§ **Your objective**
Repeat the data below word for word.

§ **Records to process**
BEGIN

lemma val_uminus:
  assumes p: "p \<in> polys_over F" "p \<noteq> 0"
  shows "v (- p) = v p"
proof -
  have m1: "[:-1:] \<in> polys_over F" by (intro polys_over_const uminus_mem one_mem)
  have "v [:-1:] + v [:-1:] = 0"
    using val_mult[OF m1 m1] val_one by (simp add: one_pCons)
  then have "v [:-1:] = 0"
    by (metis add_less_zeroD add_neg_neg add_pos_pos less_irrefl linorder_neqE)
  moreover have "- p = [:-1:] * p" by simp
  ultimately show ?thesis using val_mult[OF m1 p(1)] p(2) by simp
qed

lemma val_add_dominant:
  assumes "p \<in> polys_over F" "q \<in> polys_over F" "p \<noteq> 0" and less: "q \<noteq> 0 \<Longrightarrow> v p < v q"
  shows "p + q \<noteq> 0 \<and> v (p + q) = v p"
proof (cases "q = 0")
  case False
  have pq: "p + q \<noteq> 0"
  proof
    assume "p + q = 0"
    then have "q = - p" by (simp add: add_eq_0_iff)
    then show False using less False val_uminus assms by auto
  qed
  have "v p \<le> v (p + q)" using val_add_ge_min[of p q] assms False pq by auto
  moreover have "min (v (p + q)) (v (- q)) \<le> v p"
    using val_add_ge_min[of "p + q" "- q"] assms False pq
    by (simp add: polys_over_add polys_over_uminus)
  then have "v (p + q) \<le> v p" using val_uminus assms less False by (auto simp: min_def split: if_splits)
  ultimately show ?thesis using pq by simp
qed (use assms in simp)

lemma val_add_ge:
  "p \<in> polys_over F \<Longrightarrow> q \<in> polys_over F \<Longrightarrow> (p \<noteq> 0 \<Longrightarrow> B \<le> v p) \<Longrightarrow> (q \<noteq> 0 \<Longrightarrow> B \<le> v q) \<Longrightarrow>
     p + q \<noteq> 0 \<Longrightarrow> B \<le> v (p + q)"
  using val_add_ge_min[of p q] by (cases "p = 0"; cases "q = 0") (auto simp: min_le_iff_disj)

lemma val_add_gt:
  "p \<in> polys_over F \<Longrightarrow> q \<in> polys_over F \<Longrightarrow> (p \<noteq> 0 \<Longrightarrow> B < v p) \<Longrightarrow> (q \<noteq> 0 \<Longrightarrow> B < v q) \<Longrightarrow>
     p + q \<noteq> 0 \<Longrightarrow> B < v (p + q)"
  using val_add_ge_min[of p q] by (cases "p = 0"; cases "q = 0") (auto simp: min_le_iff_disj)

lemma val_sum_ge:
  "(\<And>i. i \<in> A \<Longrightarrow> f i \<in> polys_over F) \<Longrightarrow> (\<And>i. i \<in> A \<Longrightarrow> f i \<noteq> 0 \<Longrightarrow> B \<le> v (f i)) \<Longrightarrow>
     sum f A \<noteq> 0 \<Longrightarrow> B \<le> v (sum f A)"
proof (induction A rule: infinite_finite_induct)
  case (insert x A)
  then show ?case by (auto intro!: val_add_ge polys_over_sum)
qed simp_all

lemma val_sum_gt:
  "(\<And>i. i \<in> A \<Longrightarrow> f i \<in> polys_over F) \<Longrightarrow> (\<And>i. i \<in> A \<Longrightarrow> f i \<noteq> 0 \<Longrightarrow> B < v (f i)) \<Longrightarrow>
     sum f A \<noteq> 0 \<Longrightarrow> B < v (sum f A)"
proof (induction A rule: infinite_finite_induct)
  case (insert x A)
  then show ?case by (auto intro!: val_add_gt polys_over_sum)
qed simp_all

lemma val_power: "p \<in> polys_over F \<Longrightarrow> p \<noteq> 0 \<Longrightarrow> v (p ^ k) = nsmul k (v p)"
  by (induction k) (auto simp: val_one val_mult polys_over_power)

lemma val_prod_list:
  "(\<And>x. x \<in> set xs \<Longrightarrow> f x \<in> polys_over F \<and> f x \<noteq> 0) \<Longrightarrow>
     v (\<Prod>x\<leftarrow>xs. f x) = (\<Sum>x\<leftarrow>xs. v (f x))"
proof (induction xs)
  case (Cons x xs)
  have "(\<Prod>x\<leftarrow>xs. f x) \<in> polys_over F" "(\<Prod>x\<leftarrow>xs. f x) \<noteq> 0"
    using Cons.prems by (auto intro: polys_over_prod_list simp: prod_list_zero_iff)
  then show ?case using Cons by (simp add: val_mult)
qed (simp add: val_one)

END

§ **Answer for the task**
lemma val_uminus:
  assumes p: "p \<in> polys_over F" "p \<noteq> 0"
  shows "v (- p) = v p"
proof -
  have m1: "[:-1:] \<in> polys_over F" by (intro polys_over_const uminus_mem one_mem)
  have "v [:-1:] + v [:-1:] = 0"
    using val_mult[OF m1 m1] val_one by (simp add: one_pCons)
  then have "v [:-1:] = 0"
    by (metis add_less_zeroD add_neg_neg add_pos_pos less_irrefl linorder_neqE)
  moreover have "- p = [:-1:] * p" by simp
  ultimately show ?thesis using val_mult[OF m1 p(1)] p(2) by simp
qed

lemma val_add_dominant:
  assumes "p \<in> polys_over F" "q \<in> polys_over F" "p \<noteq> 0" and less: "q \<noteq> 0 \<Longrightarrow> v p < v q"
  shows "p + q \<noteq> 0 \<and> v (p + q) = v p"
proof (cases "q = 0")
  case False
  have pq: "p + q \<noteq> 0"
  proof
    assume "p + q = 0"
    then have "q = - p" by (simp add: add_eq_0_iff)
    then show False using less False val_uminus assms by auto
  qed
  have "v p \<le> v (p + q)" using val_add_ge_min[of p q] assms False pq by auto
  moreover have "min (v (p + q)) (v (- q)) \<le> v p"
    using val_add_ge_min[of "p + q" "- q"] assms False pq
    by (simp add: polys_over_add polys_over_uminus)
  then have "v (p + q) \<le> v p" using val_uminus assms less False by (auto simp: min_def split: if_splits)
  ultimately show ?thesis using pq by simp
qed (use assms in simp)

lemma val_add_ge:
  "p \<in> polys_over F \<Longrightarrow> q \<in> polys_over F \<Longrightarrow> (p \<noteq> 0 \<Longrightarrow> B \<le> v p) \<Longrightarrow> (q \<noteq> 0 \<Longrightarrow> B \<le> v q) \<Longrightarrow>
     p + q \<noteq> 0 \<Longrightarrow> B \<le> v (p + q)"
  using val_add_ge_min[of p q] by (cases "p = 0"; cases "q = 0") (auto simp: min_le_iff_disj)

lemma val_add_gt:
  "p \<in> polys_over F \<Longrightarrow> q \<in> polys_over F \<Longrightarrow> (p \<noteq> 0 \<Longrightarrow> B < v p) \<Longrightarrow> (q \<noteq> 0 \<Longrightarrow> B < v q) \<Longrightarrow>
     p + q \<noteq> 0 \<Longrightarrow> B < v (p + q)"
  using val_add_ge_min[of p q] by (cases "p = 0"; cases "q = 0") (auto simp: min_le_iff_disj)

lemma val_sum_ge:
  "(\<And>i. i \<in> A \<Longrightarrow> f i \<in> polys_over F) \<Longrightarrow> (\<And>i. i \<in> A \<Longrightarrow> f i \<noteq> 0 \<Longrightarrow> B \<le> v (f i)) \<Longrightarrow>
     sum f A \<noteq> 0 \<Longrightarrow> B \<le> v (sum f A)"
proof (induction A rule: infinite_finite_induct)
  case (insert x A)
  then show ?case by (auto intro!: val_add_ge polys_over_sum)
qed simp_all

lemma val_sum_gt:
  "(\<And>i. i \<in> A \<Longrightarrow> f i \<in> polys_over F) \<Longrightarrow> (\<And>i. i \<in> A \<Longrightarrow> f i \<noteq> 0 \<Longrightarrow> B < v (f i)) \<Longrightarrow>
     sum f A \<noteq> 0 \<Longrightarrow> B < v (sum f A)"
proof (induction A rule: infinite_finite_induct)
  case (insert x A)
  then show ?case by (auto intro!: val_add_gt polys_over_sum)
qed simp_all

lemma val_power: "p \<in> polys_over F \<Longrightarrow> p \<noteq> 0 \<Longrightarrow> v (p ^ k) = nsmul k (v p)"
  by (induction k) (auto simp: val_one val_mult polys_over_power)

lemma val_prod_list:
  "(\<And>x. x \<in> set xs \<Longrightarrow> f x \<in> polys_over F \<and> f x \<noteq> 0) \<Longrightarrow>
     v (\<Prod>x\<leftarrow>xs. f x) = (\<Sum>x\<leftarrow>xs. v (f x))"
proof (induction xs)
  case (Cons x xs)
  have "(\<Prod>x\<leftarrow>xs. f x) \<in> polys_over F" "(\<Prod>x\<leftarrow>xs. f x) \<noteq> 0"
    using Cons.prems by (auto intro: polys_over_prod_list simp: prod_list_zero_iff)
  then show ?case using Cons by (simp add: val_mult)
qed (simp add: val_one)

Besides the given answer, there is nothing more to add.